La schiuma dell’Alaco ha un color marrone. C’è chi esorta a berla, ma l’esercizio richiede una certa dose di coraggio. Specie dopo aver dato un’occhiata alle analisi chieste da chi con quest’acqua convive da anni e cerca di venire a capo della questione della potabilità. I test hanno dato un responso chiarissimo: le quantità di ferro e manganese sono al di sopra della norma, così come la torbidità dei campioni analizzati. Secondo i cittadini è colpa dell’invaso dell’Alaco, una diga a mille metri d’altezza, nel territorio comunale di Brognaturo, che garantisce l’acqua potabile a circa 400mila persone, a cavallo tra le province di Vibo e Catanzaro.
La Diga dell’Alaco è un’altra incompiuta. L’invaso era stato terminato da Sorical, la Società risorse idriche calabresi, nel 2004. Ma dal 2006 è cambiato tutto. C’era da render potabile l’acqua che arrivava dalla diga. E la società mista (il cui socio privato è la multinazionale francese Veolia) aveva un obiettivo virtuoso: quello di inviare più acqua ai Comuni. Come lo abbia perseguito, però, ha lasciato perplessi i tecnici. Le procedure basilari da seguire per preparare l’acqua al trattamento sono state adottate in maniera troppo rapida, approssimativa. Il risultato? Il liquido che arriva dall’invaso ha caratteristiche chimico-fisiche molto variabili. È di qualità scadente, al limite della possibilità di trattamento. Inoltre contiene, come detto, una quantità elevatissima di manganese e ferro oltre a sostanze derivanti dalla decomposizione delle piante sommerse e un forte inquinamento batteriologico, dovuto a escrementi di animali. Nonostante tutto, si è continuato con la potabilizzazione, senza neppure installare due analizzatori in continuo del ferro e del manganese.
“La diga è stata riempita senza fare le dovute bonifiche, senza eliminare la vegetazione presente sul fondo” raccontano gli attivisti del Coordinamento delle Serre per la difesa dell’acqua. Loro vivono a Serra San Bruno, 7mila anime a 800 metri sul livello del mare.
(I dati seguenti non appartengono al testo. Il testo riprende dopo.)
(* Let $G$ be a nice graph, $V_4$ the set of vertices of degree at least four in $G$, $\mathcal{P}$ a path partition of $G$, $\mathcal{P}_4\subseteq\mathcal{P}$ the subfamily of paths visiting at least one vertex of $V_4$, $\ell\in\mathbb{N}$, and $(\mathcal{T},d)$ a $(G,V_4,\ell)$-pattern encoding $\mathcal{P}_4$. Then $|\mathcal{P}|\ge \frac{\mathrm{odd}(G)+\mathrm{odd}(\mathcal{T},d)}{2}+|\mathcal{T}|.$
   Context: A path partition of $G$ is a collection of pairwise edge-disjoint paths whose edge sets together cover $E(G)$. $\mathrm{odd}(H)$ is the number of odd-degree vertices of $H$. Graphs are finite, simple, undirected; subcubic means maximum degree $\le 3$. A pan cycle of $G$ is a cycle with a unique vertex of degree $3$ in $G$, the others of degree $2$ in $G$; a bull cycle is a cycle with exactly two vertices of degree $3$ in $G$, the others of degree $2$ in $G$. $G$ is nice if it is connected, not subcubic, has no pan cycles, and all bull cycles are triangles. $N_G[S]$, $N_G(S)$ denote closed/open neighbourhoods. Terminal collection for a family $\mathcal{Q}$ of edge-disjoint paths: a set $U\subseteq V(G)$ with $N_G[V_4]\subseteq U$, containing both endpoints of every path of $\mathcal{Q}$, and such that for all $u,v\in U$, if two distinct paths of $\mathcal{Q}$ both visit $u$ and $v$, then one of them visits another vertex of $U$ between $u$ and $v$. Traces: $X_\ell=\{x_1,\dots,x_\ell\}$ is a set of variables. A $(G,V_4,\ell)$-trace is a sequence over $N_G[V_4]\cup X_\ell$ with no repeated symbol and no variable adjacent to a symbol of $V_4$. $\mathsf{edges}(T)$ is the set of unordered consecutive pairs of $T$ containing a symbol of $V_4$; $\mathsf{ends}(T)$ is the set of other unordered consecutive pairs. $\deg_T(y)$ is $0$ if $y$ does not occur in $T$, $1$ if $y$ is the first or last element of $T$, $2$ otherwise. Pattern: a pair $(\mathcal{T},d)$, $\mathcal{T}$ a collection of $(G,V_4,\ell)$-traces, $d\colon X_\ell\to\{1,2,3\}$, with: the sets $\mathsf{ends}(T)$ pairwise disjoint and the sets $\mathsf{edges}(T)$ pairwise disjoint over distinct $T\in\mathcal{T}$; $\bigcup_T\mathsf{edges}(T)$ equals the set of edges incident to $V_4$; $\sum_T\deg_T(x_i)\le d(x_i)$ for all $x_i$; $\sum_T\deg_T(v)\le\deg_G(v)$ for all $v\in N_G(V_4)$. Encoding: $(\mathcal{T},d)$ encodes a family $\mathcal{Q}$ of edge-disjoint paths if for some terminal collection $U$ for $\mathcal{Q}$, with $V_X=U\setminus N_G[V_4]$, $\ell=|V_X|$ and a bijection $f\colon X_\ell\to V_X$, $\mathcal{T}$ consists of one trace $T_P$ per $P\in\mathcal{Q}$, obtained by orienting $P$, listing in order its vertices in $N_G[V_4]\cup V_X$ and replacing each $v\in V_X$ by $f^{-1}(v)$, and $d(x_i)=\deg_G(f(x_i))$. Odd number of a pattern: for $y\in N_G[V_4]\cup X_\ell$ let $D(y)=\deg_G(y)$ if $y\in N_G[V_4]$ and $D(y)=d(y)$ if $y\in X_\ell$; $y$ gains oddity if $D(y)$ is even and $\sum_{T}\deg_T(y)$ is odd, and loses oddity if $D(y)$ is odd and $\sum_T\deg_T(y)$ is odd. $\mathrm{odd}(\mathcal{T},d)$ is the number of elements gaining oddity minus the number losing oddity. *)

theory Defs
  imports Complex_Main
begin

definition graph :: "'a set \<Rightarrow> 'a set set \<Rightarrow> bool" where
  "graph V E \<longleftrightarrow> finite V \<and> (\<forall>e\<in>E. \<exists>u v. e = {u, v} \<and> u \<noteq> v \<and> u \<in> V \<and> v \<in> V)"

definition deg :: "'a set set \<Rightarrow> 'a \<Rightarrow> nat" where
  "deg E v = card {e\<in>E. v \<in> e}"

definition odd_vertices :: "'a set \<Rightarrow> 'a set set \<Rightarrow> nat" where
  "odd_vertices V E = card {v\<in>V. odd (deg E v)}"

definition connected_graph :: "'a set \<Rightarrow> 'a set set \<Rightarrow> bool" where
  "connected_graph V E \<longleftrightarrow> (\<forall>u\<in>V. \<forall>v\<in>V. (u, v) \<in> {(x, y). {x, y} \<in> E}\<^sup>*)"

definition subcubic :: "'a set \<Rightarrow> 'a set set \<Rightarrow> bool" where
  "subcubic V E \<longleftrightarrow> (\<forall>v\<in>V. deg E v \<le> 3)"

definition closed_nbhd :: "'a set \<Rightarrow> 'a set set \<Rightarrow> 'a set \<Rightarrow> 'a set" where
  "closed_nbhd V E S = S \<union> {v\<in>V. \<exists>u\<in>S. {u, v} \<in> E}"

definition open_nbhd :: "'a set \<Rightarrow> 'a set set \<Rightarrow> 'a set \<Rightarrow> 'a set" where
  "open_nbhd V E S = closed_nbhd V E S - S"

definition V4 :: "'a set \<Rightarrow> 'a set set \<Rightarrow> 'a set" where
  "V4 V E = {v\<in>V. 4 \<le> deg E v}"

definition is_cycle :: "'a set \<Rightarrow> 'a set set \<Rightarrow> 'a list \<Rightarrow> bool" where
  "is_cycle V E cs \<longleftrightarrow> 3 \<le> length cs \<and> distinct cs \<and> set cs \<subseteq> V \<and>
     (\<forall>i<length cs. {cs ! i, cs ! ((i + 1) mod length cs)} \<in> E)"

definition pan_cycle :: "'a set \<Rightarrow> 'a set set \<Rightarrow> 'a list \<Rightarrow> bool" where
  "pan_cycle V E cs \<longleftrightarrow> is_cycle V E cs \<and>
     card {v \<in> set cs. deg E v = 3} = 1 \<and>
     (\<forall>v\<in>set cs. deg E v = 2 \<or> deg E v = 3)"

definition bull_cycle :: "'a set \<Rightarrow> 'a set set \<Rightarrow> 'a list \<Rightarrow> bool" where
  "bull_cycle V E cs \<longleftrightarrow> is_cycle V E cs \<and>
     card {v \<in> set cs. deg E v = 3} = 2 \<and>
     (\<forall>v\<in>set cs. deg E v = 2 \<or> deg E v = 3)"

definition nice :: "'a set \<Rightarrow> 'a set set \<Rightarrow> bool" where
  "nice V E \<longleftrightarrow> connected_graph V E \<and> \<not> subcubic V E \<and>
     (\<forall>cs. \<not> pan_cycle V E cs) \<and>
     (\<forall>cs. bull_cycle V E cs \<longrightarrow> length cs = 3)"

definition is_path :: "'a set \<Rightarrow> 'a set set \<Rightarrow> 'a list \<Rightarrow> bool" where
  "is_path V E P \<longleftrightarrow> 2 \<le> length P \<and> distinct P \<and> set P \<subseteq> V \<and>
     (\<forall>i. Suc i < length P \<longrightarrow> {P ! i, P ! Suc i} \<in> E)"

definition path_edges :: "'a list \<Rightarrow> 'a set set" where
  "path_edges P = {{P ! i, P ! Suc i} | i. Suc i < length P}"

definition path_partition :: "'a set \<Rightarrow> 'a set set \<Rightarrow> 'a list set \<Rightarrow> bool" where
  "path_partition V E \<P> \<longleftrightarrow> (\<forall>P\<in>\<P>. is_path V E P) \<and>
     pairwise (\<lambda>P Q. path_edges P \<inter> path_edges Q = {}) \<P> \<and>
     \<Union> (path_edges ` \<P>) = E"

text \<open>Symbols: \<open>Inl v\<close> for a vertex v, \<open>Inr i\<close> for the variable x_i (1 \<le> i \<le> l).\<close>

definition symbols :: "'a set \<Rightarrow> 'a set set \<Rightarrow> nat \<Rightarrow> ('a + nat) set" where
  "symbols V E l = Inl ` closed_nbhd V E (V4 V E) \<union> Inr ` {1..l}"

definition is_var :: "('a + nat) \<Rightarrow> bool" where
  "is_var y \<longleftrightarrow> (\<exists>i. y = Inr i)"

definition is_trace :: "'a set \<Rightarrow> 'a set set \<Rightarrow> nat \<Rightarrow> ('a + nat) list \<Rightarrow> bool" where
  "is_trace V E l T \<longleftrightarrow> distinct T \<and> set T \<subseteq> symbols V E l \<and>
     (\<forall>i. Suc i < length T \<longrightarrow>
        \<not> (is_var (T ! i) \<and> T ! Suc i \<in> Inl ` V4 V E) \<and>
        \<not> (T ! i \<in> Inl ` V4 V E \<and> is_var (T ! Suc i)))"

definition consec_pairs :: "('a + nat) list \<Rightarrow> ('a + nat) set set" where
  "consec_pairs T = {{T ! i, T ! Suc i} | i. Suc i < length T}"

definition trace_edges :: "'a set \<Rightarrow> 'a set set \<Rightarrow> ('a + nat) list \<Rightarrow> ('a + nat) set set" where
  "trace_edges V E T = {p \<in> consec_pairs T. p \<inter> Inl ` V4 V E \<noteq> {}}"

definition trace_ends :: "'a set \<Rightarrow> 'a set set \<Rightarrow> ('a + nat) list \<Rightarrow> ('a + nat) set set" where
  "trace_ends V E T = consec_pairs T - trace_edges V E T"

definition trace_deg :: "('a + nat) list \<Rightarrow> ('a + nat) \<Rightarrow> nat" where
  "trace_deg T y = (if y \<notin> set T then 0 else if y = hd T \<or> y = last T then 1 else 2)"

definition is_pattern ::
  "'a set \<Rightarrow> 'a set set \<Rightarrow> nat \<Rightarrow> ('a + nat) list set \<Rightarrow> (nat \<Rightarrow> nat) \<Rightarrow> bool" where
  "is_pattern V E l \<T> d \<longleftrightarrow>
     (\<forall>T\<in>\<T>. is_trace V E l T) \<and>
     (\<forall>i\<in>{1..l}. d i \<in> {1, 2, 3}) \<and>
     pairwise (\<lambda>T T'. trace_ends V E T \<inter> trace_ends V E T' = {}) \<T> \<and>
     pairwise (\<lambda>T T'. trace_edges V E T \<inter> trace_edges V E T' = {}) \<T> \<and>
     \<Union> (trace_edges V E ` \<T>) = (\<lambda>e. Inl ` e) ` {e\<in>E. e \<inter> V4 V E \<noteq> {}} \<and>
     (\<forall>i\<in>{1..l}. (\<Sum>T\<in>\<T>. trace_deg T (Inr i)) \<le> d i) \<and>
     (\<forall>v\<in>open_nbhd V E (V4 V E). (\<Sum>T\<in>\<T>. trace_deg T (Inl v)) \<le> deg E v)"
Anche il sindaco di Serra è dello stesso parere. Infatti ha emesso un’ordinanza di non potabilità. Per ferro e manganese. Che è stata revocata solo ad inizio aprile, dopo 38 giorni. “L’impianto di potabilizzazione è sottodimensionato –accusa il Coordinamento- ed è concepito per trattare acque del sottosuolo, non di superficie. Abbiamo raccolto mille firme in calce a una petizione per chiedere che i dati delle analisi siano resi pubblici”.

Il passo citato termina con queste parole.